▸ **TASK TO COMPLETE**
Only the lines below between the ones containing "using M_maximal u v by blast" and "unfolding odd_cluster_def", inclusive, are to be reproduced, each exactly as it stands.
*** DATA TO PROCESS ***
lemma indep_grown: "indep E I'"
proof -
  have "{u, m} \<notin> E" if "u \<in> I" "m \<in> M" for u m
  proof
    assume "{u, m} \<in> E"
    then have "m \<in> nbhd V E C"
      using that M_sub odd_clusterD(2)[OF cluster] unfolding nbhd_def by blast
    then show False
      using that M_sub by blast
  qed
  then show ?thesis
    using odd_clusterD(4)[OF cluster] M_indep by (simp add: indep_Un)
qed

lemma tree_edges_grown: "\<forall>e\<in>T'. \<exists>u\<in>I'. \<exists>v\<in>C' - I'. e = {u, v}"
proof
  have y: "y \<in> C' - I'"
    using y_fresh odd_clusterD(2)[OF cluster] by blast
  fix e
  assume "e \<in> T'"
  then consider "e \<in> T" | "e = {i, y}" | m where "m \<in> M" "e = {m, y}"
    by (auto simp: insert_commute)
  then show "\<exists>u\<in>I'. \<exists>v\<in>C' - I'. e = {u, v}"
  proof cases
    case 1
    then obtain u v where "u \<in> I" "v \<in> C - I" "e = {u, v}"
      using odd_clusterD(6)[OF cluster] by blast
    moreover have "v \<in> C' - I'"
      using \<open>v \<in> C - I\<close> M_sub by blast
    ultimately show ?thesis
      by blast
  qed (use y i(1) in blast)+
qed

lemma connected_grown: "\<forall>u\<in>C'. (edge_rel T')\<^sup>*\<^sup>* r u"
proof -
  have old: "(edge_rel T')\<^sup>*\<^sup>* r u" if "u \<in> C" for u
    using odd_clusterD(7)[OF cluster] that edge_rel_rtranclp_mono[of T T'] by blast
  then have ry: "(edge_rel T')\<^sup>*\<^sup>* r y"
    using i odd_clusterD(2)[OF cluster] by (blast intro: rtranclp.rtrancl_into_rtrancl)
  then have "(edge_rel T')\<^sup>*\<^sup>* r m" if "m \<in> M" for m
    using that by (blast intro: rtranclp.rtrancl_into_rtrancl)
  then show ?thesis
    using old ry by blast
qed

lemma dominated_grown: "\<forall>v\<in>nbhd V E C'. \<exists>u\<in>I'. {u, v} \<in> E"
proof
  fix v
  assume "v \<in> nbhd V E C'"
  then obtain u where v: "v \<in> V" "v \<notin> C'" and u: "u \<in> C'" "{u, v} \<in> E"
    unfolding nbhd_def by blast
  consider "v \<in> nbhd V E C" | "u \<in> M" | "u = y" "v \<notin> nbhd V E C"
    using u v unfolding nbhd_def by blast
  then show "\<exists>u\<in>I'. {u, v} \<in> E"
  proof cases
    case 1
    then show ?thesis
      using odd_clusterD(8)[OF cluster] by blast
  next
    case 2
    then show ?thesis
      using u by blast
  next
    case 3
    then show ?thesis
      using M_maximal u v by blast
  qed
qed

lemma M_subset: "M \<subseteq> V"
  using M_sub by blast

lemma card_grown: "card C' = card C + 1 + card M" "card I' = card I + card M"
proof -
  have "finite C" "finite M"
    using odd_clusterD(1)[OF cluster] M_subset simple_graph_finite[OF simple] finite_subset
    by auto
  moreover have "finite I"
    using odd_clusterD(2)[OF cluster] \<open>finite C\<close> finite_subset by auto
  moreover have "C \<inter> M = {}" "I \<inter> M = {}"
    using M_sub odd_clusterD(2)[OF cluster] by blast+
  ultimately show "card C' = card C + 1 + card M" "card I' = card I + card M"
    using y_fresh by (simp_all add: card_Un_disjoint)
qed

lemma odd_cluster_grown: "odd_cluster V E r C' I' T'"
proof -
  have "card M \<ge> 1"
    using M_ne M_subset simple_graph_finite[OF simple] finite_subset
    by (metis One_nat_def Suc_leI card_gt_0_iff)
  then have "card C' + 1 \<le> 2 * card I'"
    using card_grown odd_clusterD(9)[OF cluster] by simp
  moreover have "C' \<subseteq> V" "T' \<subseteq> E"
    using odd_clusterD(1,5)[OF cluster] y_fresh M_sub i(2) by auto
  ultimately show ?thesis
    unfolding odd_cluster_def
    using odd_clusterD(2,3)[OF cluster] indep_grown tree_edges_grown connected_grown dominated_grown
    by blast
qed

end

lemma exists_larger_odd_cluster:
  assumes sg: "simple_graph V E" and cluster: "odd_cluster V E r C I T"
    and "\<not> nbhd_closed V E C"
  shows "\<exists>C' I' T'. odd_cluster V E r C' I' T' \<and> card C < card C'"
proof -
  obtain y w where y: "y \<in> nbhd V E C" and yw: "{y, w} \<in> E" "w \<notin> C \<union> nbhd V E C"
    using assms(3) unfolding nbhd_closed_def by blast
  obtain i where i: "i \<in> I" "{i, y} \<in> E"
    using odd_clusterD(8)[OF cluster] y by blast
  define Z where "Z = {z \<in> V - (C \<union> nbhd V E C). {y, z} \<in> E}"
  have "w \<in> Z"
    using yw simple_graph_edge_in[OF sg yw(1)] unfolding Z_def by blast
  have "finite Z"
    using simple_graph_finite[OF sg] unfolding Z_def by simp
  then obtain M where M: "M \<subseteq> Z" "indep E M" "\<forall>z\<in>Z - M. \<exists>m\<in>M. {m, z} \<in> E"
    using exists_maximal_indep_subset simple_graph_no_loop[OF sg] by meson
  then have "M \<noteq> {}"
    using \<open>w \<in> Z\<close> by blast
  then interpret cluster_growth V E r C I T y i M
    using sg cluster y i M unfolding Z_def by unfold_locales blast+
  have "card C < card C'"
    using card_grown(1) by simp
  then show ?thesis
    using odd_cluster_grown by blast
qed

lemma exists_closed_odd_cluster:
  assumes sg: "simple_graph V E" and "r \<in> V"
  shows "\<exists>C I T. odd_cluster V E r C I T \<and> nbhd_closed V E C"
proof -
  have "\<exists>C I T. odd_cluster V E r C I T \<and> nbhd_closed V E C"
    if "odd_cluster V E r C I T" for C I T
    using that
  proof (induction "card V - card C" arbitrary: C I T rule: less_induct)
    case less
    show ?case
    proof (cases "nbhd_closed V E C")
      case False
      then obtain C' I' T' where C': "odd_cluster V E r C' I' T'" "card C < card C'"
        using exists_larger_odd_cluster[OF sg less.prems] by blast
      moreover have "card C' \<le> card V"
        using odd_clusterD(1)[OF C'(1)] simple_graph_finite[OF sg] by (rule card_mono[rotated])
      ultimately show ?thesis
        using less.hyps by (meson diff_less_mono2 order_less_le_trans)
    qed (use less.prems in blast)
  qed
  then show ?thesis
    using odd_cluster_singleton[OF assms] by blast
qed

lemma nbhd_closed_no_edge_beyond:
  assumes "nbhd_closed V E C" "u \<in> C \<union> nbhd V E C" "v \<in> V - (C \<union> nbhd V E C)"
  shows "{u, v} \<notin> E"
  using assms unfolding nbhd_closed_def nbhd_def by blast

lemma card_eq_disjoint_parts:
  assumes "A \<subseteq> V" "B \<subseteq> V" "A \<inter> B = {}" "finite V"
  shows "card V = card A + card B + card (V - (A \<union> B))"
proof -
  have "card (A \<union> B) = card A + card B"
    using assms by (simp add: card_Un_disjoint finite_subset)
  moreover have "card (A \<union> B) \<le> card V"
    using assms by (simp add: card_mono)
  moreover have "card (V - (A \<union> B)) = card V - card (A \<union> B)"
    using assms by (simp add: card_Diff_subset finite_subset)
  ultimately show ?thesis
    by linarith
qed

lemma large_indep_set_from_closed_cluster:
  fixes t :: nat
  assumes sg: "simple_graph V E" and cluster: "odd_cluster V E r C I T"
    and closed: "nbhd_closed V E C"
    and SN: "SN \<subseteq> nbhd V E C" "indep E SN" "card (nbhd V E C) \<le> 2 * t * card SN"
    and SR: "SR \<subseteq> V - (C \<union> nbhd V E C)" "indep E SR"
      "card (V - (C \<union> nbhd V E C)) \<le> 2 * Suc t * card SR"
  shows "\<exists>S\<subseteq>V. indep E S \<and> card V \<le> 2 * Suc t * card S"
proof -
  define N where "N = nbhd V E C"
  define S0 where "S0 = (if card SN \<le> card I then I else SN)"
  have S0: "S0 \<subseteq> C \<union> N" "indep E S0" "card I \<le> card S0" "card SN \<le> card S0"
    using odd_clusterD(2,4)[OF cluster] SN(1,2) unfolding S0_def N_def by auto
  have "indep E (S0 \<union> SR)"
    using S0(1,2) SR(1,2) nbhd_closed_no_edge_beyond[OF closed] unfolding indep_Un N_def by blast
  moreover have SV: "S0 \<union> SR \<subseteq> V"
    using S0(1) SR(1) odd_clusterD(1)[OF cluster] unfolding N_def nbhd_def by blast
  moreover have "card V \<le> 2 * Suc t * card (S0 \<union> SR)"
  proof -
    have fin: "finite V"
      using simple_graph_finite[OF sg] .
    have "C \<subseteq> V" "N \<subseteq> V" "C \<inter> N = {}"
      using odd_clusterD(1)[OF cluster] unfolding N_def nbhd_def by auto
    then have "card V = card C + card N + card (V - (C \<union> N))"
      using fin by (rule card_eq_disjoint_parts)
    also have "\<dots> \<le> 2 * card S0 + 2 * t * card S0 + 2 * Suc t * card SR"
      using odd_clusterD(9)[OF cluster] S0(3,4) SN(3) SR(3) mult_le_mono2[OF S0(4), of "2 * t"]
      unfolding N_def by linarith
    also have "\<dots> = 2 * Suc t * (card S0 + card SR)"
      by (simp add: algebra_simps)
    also have "card S0 + card SR = card (S0 \<union> SR)"
      using S0(1) SR(1) finite_subset[OF SV fin]
      by (intro card_Un_disjoint[symmetric]) (auto simp: N_def)
    finally show ?thesis .
  qed
  ultimately show ?thesis by blast
qed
*** End of DATA TO PROCESS ***
▸ **EXERCISE SOLUTION**
      using M_maximal u v by blast
  qed
qed

lemma M_subset: "M \<subseteq> V"
  using M_sub by blast

lemma card_grown: "card C' = card C + 1 + card M" "card I' = card I + card M"
proof -
  have "finite C" "finite M"
    using odd_clusterD(1)[OF cluster] M_subset simple_graph_finite[OF simple] finite_subset
    by auto
  moreover have "finite I"
    using odd_clusterD(2)[OF cluster] \<open>finite C\<close> finite_subset by auto
  moreover have "C \<inter> M = {}" "I \<inter> M = {}"
    using M_sub odd_clusterD(2)[OF cluster] by blast+
  ultimately show "card C' = card C + 1 + card M" "card I' = card I + card M"
    using y_fresh by (simp_all add: card_Un_disjoint)
qed

lemma odd_cluster_grown: "odd_cluster V E r C' I' T'"
proof -
  have "card M \<ge> 1"
    using M_ne M_subset simple_graph_finite[OF simple] finite_subset
    by (metis One_nat_def Suc_leI card_gt_0_iff)
  then have "card C' + 1 \<le> 2 * card I'"
    using card_grown odd_clusterD(9)[OF cluster] by simp
  moreover have "C' \<subseteq> V" "T' \<subseteq> E"
    using odd_clusterD(1,5)[OF cluster] y_fresh M_sub i(2) by auto
  ultimately show ?thesis
    unfolding odd_cluster_def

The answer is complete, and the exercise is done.